Integrated circuits for ultra-wideband (UWB) radio

Ultra-wideband (UWB) technology delivers very high data rates in excess of 100Mbps up to 1 Gbps, over a wide spectrum of frequency bands with very low power for short distances, results in a peaceful and less-interfering co-existence with other existed communication technologies. In short, the key benefits of UWB are; high data rates, ranging and communication application at the same time, low equipment cost, and immunity to multipath.; To best utilize across the entire UWB spectrum specified by FCC from 3.1GHz up to 10.6 GHz, it is very challenging to design of the RF front-end circuits, particularly in CMOS technology, due to wideband requirements of the transceiver's RF front-end.
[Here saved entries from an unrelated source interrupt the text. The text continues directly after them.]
lemma cap_witness_stabs:
  assumes a: "cap_witness K i \<epsilon> pa xa Ra ya" and b: "cap_witness K i \<epsilon> pb xb Rb yb"
    and meet: "Ra \<inter> Rb \<noteq> {}"
  shows "yb \<in> Cap i (Kdual K i \<epsilon>) \<epsilon> pa"
proof -
  let ?U = "Kdual K i \<epsilon>"
  obtain z where "z \<in> Ra" "z \<in> Rb" using meet by blast
  then have za: "z \<in> (\<lambda>\<tau>. xa + (1/3) *\<^sub>R \<tau>) ` {\<tau>. xa + \<tau> \<in> ?U \<and> xa - \<tau> \<in> ?U}"
    and zb: "z \<in> (\<lambda>\<tau>. xb + (1/3) *\<^sub>R \<tau>) ` {\<tau>. xb + \<tau> \<in> ?U \<and> xb - \<tau> \<in> ?U}"
    using a b unfolding cap_witness_def by blast+
  obtain \<tau>a where \<tau>a: "xa + \<tau>a \<in> ?U" "xa - \<tau>a \<in> ?U" "z = xa + (1/3) *\<^sub>R \<tau>a"
    using za by blast
  obtain \<tau>b where \<tau>b: "xb + \<tau>b \<in> ?U" "xb - \<tau>b \<in> ?U" "z = xb + (1/3) *\<^sub>R \<tau>b"
    using zb by blast
  have eq: "xa + (1/3) *\<^sub>R \<tau>a = xb + (1/3) *\<^sub>R \<tau>b" using \<tau>a(3) \<tau>b(3) by simp
  have "xb = (1/2) *\<^sub>R (xb + \<tau>b) + (1/2) *\<^sub>R (xb - \<tau>b)"
    by (simp add: vec_eq_iff field_simps)
  then have "xb \<in> ?U"
    using convexD[OF convex_Kdual \<tau>b(1,2), of "1/2" "1/2"] by simp
  moreover have "2 *\<^sub>R xa - xb \<in> ?U"
    using reflection_in_convex[OF convex_Kdual \<tau>a(1,2) \<tau>b(1) eq] .
  ultimately have "xb \<in> lowerhalf i (vshift i \<epsilon> (snd pa))"
    using a unfolding cap_witness_def by blast
  then show ?thesis
    using b lowerhalf_downward_closed unfolding cap_witness_def Cap_def by blast
qed

locale large_useful_cap = useful_cap K \<epsilon> i pH q G
  for K :: "(real^'n::finite) set" and \<epsilon> i pH q G +
  fixes t :: real
  assumes t: "t > 0" and large: "ennreal t \<le> area i shadow"
begin

lemma area_shadow_nonzero: "area i shadow \<noteq> 0"
  using t large by (metis ennreal_eq_0_iff ennreal_le_iff2 le_zero_eq linorder_not_le)

definition center :: "real^'n" where
  "center = (SOME c. c \<in> shadow \<and> (\<forall>x\<in>shadow. c - (1 / real CARD('n)) *\<^sub>R (x - c) \<in> shadow))"

lemma center_in_shadow: "center \<in> shadow"
  and center_reflect: "x \<in> shadow \<Longrightarrow> center - (1 / real CARD('n)) *\<^sub>R (x - center) \<in> shadow"
proof -
  have "\<not> (\<exists>a \<beta>. a \<noteq> 0 \<and> a $ fst i = 0 \<and> (\<forall>x\<in>shadow. a \<bullet> x = \<beta>))"
    using area_eq_0_if_in_hyperplane[OF compact_shadow] shadow_nth_fst area_shadow_nonzero by blast
  then have "\<exists>c\<in>shadow. \<forall>x\<in>shadow. c - (1 / real CARD('n)) *\<^sub>R (x - c) \<in> shadow"
    using exists_center_of_symmetry[OF compact_shadow convex_shadow _ _] hor_p_in_shadow shadow_nth_fst
    by blast
  then have "center \<in> shadow \<and> (\<forall>x\<in>shadow. center - (1 / real CARD('n)) *\<^sub>R (x - center) \<in> shadow)"
    unfolding center_def by (rule someI2_bex) blast
  then show "center \<in> shadow" "x \<in> shadow \<Longrightarrow> center - (1 / real CARD('n)) *\<^sub>R (x - center) \<in> shadow"
    by auto
qed

lemma shadow_scaled_at_center:
  assumes y: "y \<in> shadow" and \<mu>: "\<bar>\<mu>\<bar> \<le> 1"
  shows "center + (\<mu> / real CARD('n)) *\<^sub>R (y - center) \<in> shadow"
proof -
  let ?d = "real CARD('n)"
  have "center + (1/?d) *\<^sub>R (y - center) = (1 - 1/?d) *\<^sub>R center + (1/?d) *\<^sub>R y"
    by (simp add: algebra_simps)
  also have "\<dots> \<in> shadow"
    using convex_shadow center_in_shadow y by (intro convexD) auto
  finally have plus: "center + (1/?d) *\<^sub>R (y - center) \<in> shadow" .
  have "center + (\<mu> / ?d) *\<^sub>R (y - center)
      = ((1 + \<mu>)/2) *\<^sub>R (center + (1/?d) *\<^sub>R (y - center))
        + ((1 - \<mu>)/2) *\<^sub>R (center - (1/?d) *\<^sub>R (y - center))"
    by (simp add: vec_eq_iff field_simps)
  also have "\<dots> \<in> shadow"
    using convex_shadow plus center_reflect[OF y] \<mu> by (intro convexD) (auto simp: add_divide_distrib[symmetric])
  finally show ?thesis .
qed

lemma shadow_mixture:
  assumes "y1 \<in> shadow" "y2 \<in> shadow" "\<bar>\<mu>1\<bar> \<le> 1" "\<bar>\<mu>2\<bar> \<le> 1"
  shows "center + (\<mu>1 / (2 * real CARD('n))) *\<^sub>R (y1 - center)
           + (\<mu>2 / (2 * real CARD('n))) *\<^sub>R (y2 - center) \<in> shadow"
proof -
  have "center + (\<mu>1 / (2 * real CARD('n))) *\<^sub>R (y1 - center) + (\<mu>2 / (2 * real CARD('n))) *\<^sub>R (y2 - center)
      = (1/2) *\<^sub>R (center + (\<mu>1 / real CARD('n)) *\<^sub>R (y1 - center))
        + (1/2) *\<^sub>R (center + (\<mu>2 / real CARD('n)) *\<^sub>R (y2 - center))"
    by (simp add: vec_eq_iff field_simps)
  also have "\<dots> \<in> shadow"
    using assms by (intro convexD convex_shadow shadow_scaled_at_center) auto
  finally show ?thesis .
qed

definition mid :: "real^'n" where
  "mid = (1/2) *\<^sub>R (fst pH + (center + (qstar center + \<epsilon>) *\<^sub>R upv i))"

definition tau :: "real^'n \<Rightarrow> real \<Rightarrow> real^'n" where
  "tau y v = (1/(8*real CARD('n))) *\<^sub>R (y - center)
     + (hor i q \<bullet> ((1/(8*real CARD('n))) *\<^sub>R (y - center)) + v) *\<^sub>R upv i"

lemma hgt_mid: "hgt i mid = qstar (hor i mid) + \<epsilon>/2"
  using hgt_p hor_shadow[OF center_in_shadow] hgt_hor[of i center]
  by (simp add: mid_def qstar_def inner_add_right field_simps)

lemma mid_plus_tau_eq:
  assumes y: "y \<in> shadow" and d': "d' \<in> shadow" and \<theta>: "\<theta> = 1/2 + \<sigma> * v / \<epsilon>"
    and thd: "\<theta> *\<^sub>R d' = \<theta> *\<^sub>R center + (\<theta> - 1/2) *\<^sub>R (hor i (fst pH) - center)
                         + \<sigma> *\<^sub>R ((1/(8*real CARD('n))) *\<^sub>R (y - center))"
  shows "mid + \<sigma> *\<^sub>R tau y v = (1 - \<theta>) *\<^sub>R fst pH + \<theta> *\<^sub>R (d' + (qstar d' + \<epsilon>) *\<^sub>R upv i)"
    (is "_ = ?Q")
proof -
  define ps where "ps = hor i (fst pH)"
  define w where "w = (1/(8*real CARD('n))) *\<^sub>R (y - center)"
  have c: "hor i center = center" "hgt i center = 0"
    using hor_shadow[OF center_in_shadow] hgt_hor[of i center] by auto
  have d'': "hor i d' = d'" "hgt i d' = 0"
    using hor_shadow[OF d'] hgt_hor[of i d'] by auto
  have yy: "hor i y = y" "hgt i y = 0"
    using hor_shadow[OF y] hgt_hor[of i y] by auto
  have "hor i ?Q = (1 - \<theta>) *\<^sub>R ps + \<theta> *\<^sub>R d'" by (simp add: ps_def d'')
  also have "\<dots> = (1 - \<theta>) *\<^sub>R ps + (\<theta> *\<^sub>R center + (\<theta> - 1/2) *\<^sub>R (ps - center) + \<sigma> *\<^sub>R w)"
    by (simp only: thd ps_def w_def)
  also have "\<dots> = hor i (mid + \<sigma> *\<^sub>R tau y v)"
    by (simp add: mid_def tau_def ps_def c yy w_def vec_eq_iff field_simps)
  finally have "hor i ?Q = hor i (mid + \<sigma> *\<^sub>R tau y v)" .
  moreover have "hgt i ?Q = hgt i (mid + \<sigma> *\<^sub>R tau y v)"
  proof -
    have "hor i q \<bullet> (\<theta> *\<^sub>R d') = \<theta> * (hor i q \<bullet> center) + (\<theta> - 1/2) * (hor i q \<bullet> ps - hor i q \<bullet> center)
        + \<sigma> * (hor i q \<bullet> w)"
      unfolding thd by (simp add: ps_def w_def inner_add_right inner_diff_right)
    moreover have "hgt i ?Q = (1 - \<theta>) * qstar ps + \<theta> * (qstar d' + \<epsilon>)"
      using hgt_p by (simp add: ps_def d'')
    ultimately have "hgt i ?Q = (1/2) * (qstar ps + qstar center + \<epsilon>) + \<sigma> * (hor i q \<bullet> w + v)"
      using eps by (simp add: qstar_def \<theta> algebra_simps)
    also have "\<dots> = hgt i (mid + \<sigma> *\<^sub>R tau y v)"
      using hgt_p by (simp add: mid_def tau_def ps_def c yy w_def field_simps)
    finally show ?thesis .
  qed
  ultimately show ?thesis using vec_eq_hor_hgtI by metis
qed

text \<open>\<open>mid \<plusminus> tau y v\<close> is the convex combination of \<open>p\<close> and a point of the cap base
  with weights \<open>1 - \<theta>\<close>, \<open>\<theta>\<close>, where \<open>\<theta> = 1/2 \<plusminus> v/\<epsilon>\<close>; its shadow lies in the shadow of
  the base by \<open>shadow_mixture\<close>.\<close>
lemma mid_plus_tau_in_U:
  assumes y: "y \<in> shadow" and v: "\<bar>v\<bar> \<le> \<epsilon> / (8*real CARD('n))" and \<sigma>: "\<bar>\<sigma>\<bar> = 1"
  shows "mid + \<sigma> *\<^sub>R tau y v \<in> U"
proof -
  let ?d = "real CARD('n)"
  define \<theta> where "\<theta> = 1/2 + \<sigma> * v / \<epsilon>"
  have sv: "\<bar>\<sigma> * v / \<epsilon>\<bar> \<le> 1 / (8*?d)"
    using v \<sigma> eps by (simp add: abs_mult abs_div divide_le_eq field_simps)
  moreover have "1 / (8*?d) \<le> 1/8" by (simp add: field_simps)
  ultimately have "\<bar>\<sigma> * v / \<epsilon>\<bar> \<le> 1/8" by linarith
  then have th: "3/8 \<le> \<theta>" "\<theta> \<le> 5/8" unfolding \<theta>_def by (auto simp only: abs_le_iff)
  define d' where "d' = center + ((2*?d*(\<theta> - 1/2)/\<theta>) / (2*?d)) *\<^sub>R (hor i (fst pH) - center)
                         + ((\<sigma>/(4*\<theta>)) / (2*?d)) *\<^sub>R (y - center)"
  have "d' \<in> shadow" unfolding d'_def
  proof (rule shadow_mixture[OF hor_p_in_shadow y])
    have "\<bar>2*?d*(\<theta> - 1/2)\<bar> = 2*?d*\<bar>\<sigma> * v / \<epsilon>\<bar>" by (simp add: \<theta>_def abs_mult)
    also have "\<dots> \<le> 2*?d*(1/(8*?d))" using sv by (intro mult_left_mono) auto
    finally have "\<bar>2*?d*(\<theta> - 1/2)\<bar> \<le> 1/4" by simp
    then show "\<bar>2*?d*(\<theta> - 1/2)/\<theta>\<bar> \<le> 1"
      using th by (simp add: abs_div divide_le_eq)
    show "\<bar>\<sigma>/(4*\<theta>)\<bar> \<le> 1"
      using th \<sigma> by (simp add: abs_div abs_mult divide_le_eq)
  qed
  have "\<theta> \<noteq> 0" "?d \<noteq> 0" using th by auto
  then have "\<theta> *\<^sub>R d' = \<theta> *\<^sub>R center + (\<theta> - 1/2) *\<^sub>R (hor i (fst pH) - center)
                      + \<sigma> *\<^sub>R ((1/(8*?d)) *\<^sub>R (y - center))"
    by (simp add: d'_def vec_eq_iff field_simps)
  then have "mid + \<sigma> *\<^sub>R tau y v = (1 - \<theta>) *\<^sub>R fst pH + \<theta> *\<^sub>R (d' + (qstar d' + \<epsilon>) *\<^sub>R upv i)"
    by (rule mid_plus_tau_eq[OF y \<open>d' \<in> shadow\<close> \<theta>_def])
  also have "\<dots> \<in> U"
    using convex_Kdual[of K i \<epsilon>] p_in_U shadow_lift_in_U[OF \<open>d' \<in> shadow\<close>] th by (intro convexD) auto
  finally show ?thesis .
qed

definition sym_body :: "(real^'n) set" where
  "sym_body = {tau y v | y v. y \<in> shadow \<and> v \<in> {-(\<epsilon>/(8*real CARD('n)))..\<epsilon>/(8*real CARD('n))}}"

lemma mid_pm_sym_body: "\<tau> \<in> sym_body \<Longrightarrow> mid + \<tau> \<in> U \<and> mid - \<tau> \<in> U"
  using mid_plus_tau_in_U[of _ _ 1] mid_plus_tau_in_U[of _ _ "-1"] by (auto simp: sym_body_def)

lemma mid_in_U: "mid \<in> U"
  using mid_plus_tau_in_U[OF center_in_shadow, of 0 1] eps by (simp add: tau_def)

lemma compact_sym_body: "compact sym_body"
proof -
  let ?I = "{-(\<epsilon>/(8*real CARD('n)))..\<epsilon>/(8*real CARD('n))}"
  have eq: "sym_body = (\<lambda>x. tau (fst x) (snd x)) ` (shadow \<times> ?I)"
  proof (intro set_eqI iffI)
    fix z assume "z \<in> sym_body"
    then obtain y v where "y \<in> shadow" "v \<in> ?I" "z = tau y v" by (auto simp: sym_body_def)
    then show "z \<in> (\<lambda>x. tau (fst x) (snd x)) ` (shadow \<times> ?I)" by (intro image_eqI[of _ _ "(y, v)"]) auto
  next
    fix z assume "z \<in> (\<lambda>x. tau (fst x) (snd x)) ` (shadow \<times> ?I)"
    then obtain y v where "y \<in> shadow" "v \<in> ?I" "z = tau y v" by auto
    then show "z \<in> sym_body" unfolding sym_body_def by blast
  qed
  have "continuous_on (shadow \<times> ?I) (\<lambda>x. tau (fst x) (snd x))"
    unfolding tau_def by (intro continuous_intros)
  then show ?thesis
    unfolding eq by (rule compact_continuous_image[OF _ compact_Times[OF compact_shadow compact_Icc]])
qed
The RF front-end has to exhibit wideband characteristics of gain, noise figure, and linearity, as well as low power consumption. The scope of this dissertation is to design novel and innovative wideband RF front-ends for UWB transceivers using CMOS technology.; First a novel UWB mixer has been proposed and implemented in CMOS technology. Then a novel distributed RF front-end, incorporating composite cell of LNTA/mixer, for UWB applications, particularly dual conversion UWB receivers, has been presented. Furthermore a distributed direct conversion receiver (DDCR) for UWB radios has been proposed and implemented in CMOS technology. The novel distributed direct conversion receiver addresses the main issues of distributed circuits, namely high power consumption and large area and also it addresses the phase and gain mismatch problems in any direct conversion receivers. Moreover distributed active power combiners and splitters for multi-antenna UWB (MA-UWB) transceiver has been implemented in CMOS technology.; Finally a comprehensive analytical study of regenerative frequency dividers (RFD) has been presented. RFDs are essential blocks in the frequency synthesizers of the UWB transceivers. Two modes of operation; locked (stable) and quasi-locked, have been studied and the new derived characteristic differential equations (DE) which is a generalized form of Adler's equation, expresses the RFD behavior of these two modes.